- Task instructions: Go through the entries below and print, exactly, the lines starting at the one with "proof (rule mem_ideal_gen_if_monomials)" and ending at the one with "(a = 1 \<and>", keeping both ends and no others.

- Input for this task:
= = = =
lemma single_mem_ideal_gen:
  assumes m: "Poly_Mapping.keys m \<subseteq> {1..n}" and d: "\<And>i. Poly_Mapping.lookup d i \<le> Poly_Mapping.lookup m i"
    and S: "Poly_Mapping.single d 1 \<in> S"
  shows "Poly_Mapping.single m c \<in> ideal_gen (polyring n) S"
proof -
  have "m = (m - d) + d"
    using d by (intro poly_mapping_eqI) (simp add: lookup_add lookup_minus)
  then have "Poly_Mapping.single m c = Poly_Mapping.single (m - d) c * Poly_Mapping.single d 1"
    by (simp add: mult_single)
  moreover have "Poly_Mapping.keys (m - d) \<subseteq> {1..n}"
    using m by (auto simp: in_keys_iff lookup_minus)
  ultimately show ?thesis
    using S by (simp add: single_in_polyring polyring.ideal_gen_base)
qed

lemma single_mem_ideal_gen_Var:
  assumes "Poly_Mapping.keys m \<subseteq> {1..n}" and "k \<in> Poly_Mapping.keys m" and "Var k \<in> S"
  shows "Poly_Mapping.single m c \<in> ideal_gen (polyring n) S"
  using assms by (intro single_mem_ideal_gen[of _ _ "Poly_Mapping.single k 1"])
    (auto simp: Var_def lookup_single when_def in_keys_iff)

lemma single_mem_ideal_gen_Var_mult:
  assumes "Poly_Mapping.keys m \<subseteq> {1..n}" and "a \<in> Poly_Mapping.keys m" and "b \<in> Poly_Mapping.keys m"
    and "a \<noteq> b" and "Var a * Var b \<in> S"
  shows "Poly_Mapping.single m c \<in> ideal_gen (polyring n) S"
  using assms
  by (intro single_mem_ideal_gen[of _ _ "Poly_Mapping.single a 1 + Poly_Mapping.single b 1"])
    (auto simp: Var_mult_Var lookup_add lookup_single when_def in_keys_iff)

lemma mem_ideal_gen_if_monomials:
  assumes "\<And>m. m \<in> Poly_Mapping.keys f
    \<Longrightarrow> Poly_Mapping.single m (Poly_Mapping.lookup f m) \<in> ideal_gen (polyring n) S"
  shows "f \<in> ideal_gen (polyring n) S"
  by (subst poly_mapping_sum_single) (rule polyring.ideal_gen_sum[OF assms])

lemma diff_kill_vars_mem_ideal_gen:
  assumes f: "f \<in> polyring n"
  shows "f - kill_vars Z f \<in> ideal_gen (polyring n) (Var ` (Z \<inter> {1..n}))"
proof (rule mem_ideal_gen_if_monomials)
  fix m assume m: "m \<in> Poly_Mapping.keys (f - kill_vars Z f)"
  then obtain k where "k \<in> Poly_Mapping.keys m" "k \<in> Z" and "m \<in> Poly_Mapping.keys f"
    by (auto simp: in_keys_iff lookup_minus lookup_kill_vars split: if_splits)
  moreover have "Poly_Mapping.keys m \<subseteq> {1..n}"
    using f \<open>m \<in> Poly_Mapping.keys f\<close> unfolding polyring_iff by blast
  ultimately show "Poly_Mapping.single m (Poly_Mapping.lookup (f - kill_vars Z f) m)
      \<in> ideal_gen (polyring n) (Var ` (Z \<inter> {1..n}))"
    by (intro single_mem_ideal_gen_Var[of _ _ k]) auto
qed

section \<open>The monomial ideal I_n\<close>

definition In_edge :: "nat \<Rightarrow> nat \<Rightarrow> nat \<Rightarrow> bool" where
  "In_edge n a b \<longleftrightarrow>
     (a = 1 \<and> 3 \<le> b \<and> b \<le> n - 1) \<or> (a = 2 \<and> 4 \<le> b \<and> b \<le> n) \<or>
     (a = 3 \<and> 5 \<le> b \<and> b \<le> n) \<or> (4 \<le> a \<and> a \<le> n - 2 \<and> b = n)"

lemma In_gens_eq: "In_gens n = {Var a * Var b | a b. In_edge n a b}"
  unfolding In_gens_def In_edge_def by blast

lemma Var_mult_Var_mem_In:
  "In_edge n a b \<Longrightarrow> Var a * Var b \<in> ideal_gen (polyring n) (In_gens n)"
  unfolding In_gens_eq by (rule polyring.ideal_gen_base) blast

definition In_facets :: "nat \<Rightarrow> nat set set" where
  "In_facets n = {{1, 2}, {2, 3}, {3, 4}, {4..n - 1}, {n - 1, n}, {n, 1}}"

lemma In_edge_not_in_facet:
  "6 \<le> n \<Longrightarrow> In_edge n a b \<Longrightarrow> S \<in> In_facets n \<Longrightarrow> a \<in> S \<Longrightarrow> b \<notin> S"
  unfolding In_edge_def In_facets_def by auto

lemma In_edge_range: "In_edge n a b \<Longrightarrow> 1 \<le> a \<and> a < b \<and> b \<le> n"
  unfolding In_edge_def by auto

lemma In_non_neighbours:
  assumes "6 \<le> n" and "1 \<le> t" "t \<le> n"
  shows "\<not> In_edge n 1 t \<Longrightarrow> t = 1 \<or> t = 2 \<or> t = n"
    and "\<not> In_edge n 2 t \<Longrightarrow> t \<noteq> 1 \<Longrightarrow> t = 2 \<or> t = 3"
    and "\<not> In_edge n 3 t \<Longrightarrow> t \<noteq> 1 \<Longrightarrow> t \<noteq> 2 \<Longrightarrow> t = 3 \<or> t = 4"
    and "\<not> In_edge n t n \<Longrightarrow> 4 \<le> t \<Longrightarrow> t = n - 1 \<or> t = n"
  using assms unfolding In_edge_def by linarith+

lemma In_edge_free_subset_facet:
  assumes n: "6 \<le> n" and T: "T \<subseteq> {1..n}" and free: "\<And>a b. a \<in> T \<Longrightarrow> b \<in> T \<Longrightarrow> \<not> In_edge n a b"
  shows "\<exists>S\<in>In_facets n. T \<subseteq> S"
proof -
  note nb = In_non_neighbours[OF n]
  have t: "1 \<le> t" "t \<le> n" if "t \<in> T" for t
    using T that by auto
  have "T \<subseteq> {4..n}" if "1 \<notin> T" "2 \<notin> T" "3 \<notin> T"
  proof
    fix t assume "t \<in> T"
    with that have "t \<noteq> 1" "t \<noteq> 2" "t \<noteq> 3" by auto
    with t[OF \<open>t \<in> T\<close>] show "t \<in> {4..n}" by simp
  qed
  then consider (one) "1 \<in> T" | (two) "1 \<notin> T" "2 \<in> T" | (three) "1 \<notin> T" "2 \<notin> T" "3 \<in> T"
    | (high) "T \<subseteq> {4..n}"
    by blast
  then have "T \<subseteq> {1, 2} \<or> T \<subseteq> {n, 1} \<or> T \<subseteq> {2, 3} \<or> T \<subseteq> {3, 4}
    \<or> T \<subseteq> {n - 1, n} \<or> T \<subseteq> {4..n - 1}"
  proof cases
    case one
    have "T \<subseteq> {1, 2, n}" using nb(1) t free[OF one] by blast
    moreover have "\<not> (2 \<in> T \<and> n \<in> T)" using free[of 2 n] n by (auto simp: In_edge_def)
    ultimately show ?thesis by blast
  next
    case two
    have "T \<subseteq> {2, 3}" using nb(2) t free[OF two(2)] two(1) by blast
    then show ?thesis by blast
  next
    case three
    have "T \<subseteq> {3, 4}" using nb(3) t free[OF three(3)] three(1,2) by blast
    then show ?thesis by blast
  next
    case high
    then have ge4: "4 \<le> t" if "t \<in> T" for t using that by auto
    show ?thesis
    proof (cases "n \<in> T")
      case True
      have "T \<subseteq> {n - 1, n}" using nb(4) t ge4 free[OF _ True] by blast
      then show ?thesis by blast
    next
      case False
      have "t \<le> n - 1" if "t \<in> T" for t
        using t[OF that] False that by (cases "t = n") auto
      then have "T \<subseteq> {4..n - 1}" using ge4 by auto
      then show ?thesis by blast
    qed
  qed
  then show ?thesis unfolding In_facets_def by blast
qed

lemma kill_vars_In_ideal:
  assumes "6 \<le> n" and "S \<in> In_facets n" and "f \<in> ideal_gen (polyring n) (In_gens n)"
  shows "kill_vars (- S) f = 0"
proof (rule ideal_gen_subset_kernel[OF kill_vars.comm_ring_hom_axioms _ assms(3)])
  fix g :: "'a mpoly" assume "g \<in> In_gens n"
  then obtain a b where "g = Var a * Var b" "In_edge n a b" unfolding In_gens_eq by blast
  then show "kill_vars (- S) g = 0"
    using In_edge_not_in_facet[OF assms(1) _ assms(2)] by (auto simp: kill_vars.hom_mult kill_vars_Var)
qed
= = = =
- Written solution:
proof (rule mem_ideal_gen_if_monomials)
  fix m assume m: "m \<in> Poly_Mapping.keys (f - kill_vars Z f)"
  then obtain k where "k \<in> Poly_Mapping.keys m" "k \<in> Z" and "m \<in> Poly_Mapping.keys f"
    by (auto simp: in_keys_iff lookup_minus lookup_kill_vars split: if_splits)
  moreover have "Poly_Mapping.keys m \<subseteq> {1..n}"
    using f \<open>m \<in> Poly_Mapping.keys f\<close> unfolding polyring_iff by blast
  ultimately show "Poly_Mapping.single m (Poly_Mapping.lookup (f - kill_vars Z f) m)
      \<in> ideal_gen (polyring n) (Var ` (Z \<inter> {1..n}))"
    by (intro single_mem_ideal_gen_Var[of _ _ k]) auto
qed

section \<open>The monomial ideal I_n\<close>

definition In_edge :: "nat \<Rightarrow> nat \<Rightarrow> nat \<Rightarrow> bool" where
  "In_edge n a b \<longleftrightarrow>
     (a = 1 \<and> 3 \<le> b \<and> b \<le> n - 1) \<or> (a = 2 \<and> 4 \<le> b \<and> b \<le> n) \<or>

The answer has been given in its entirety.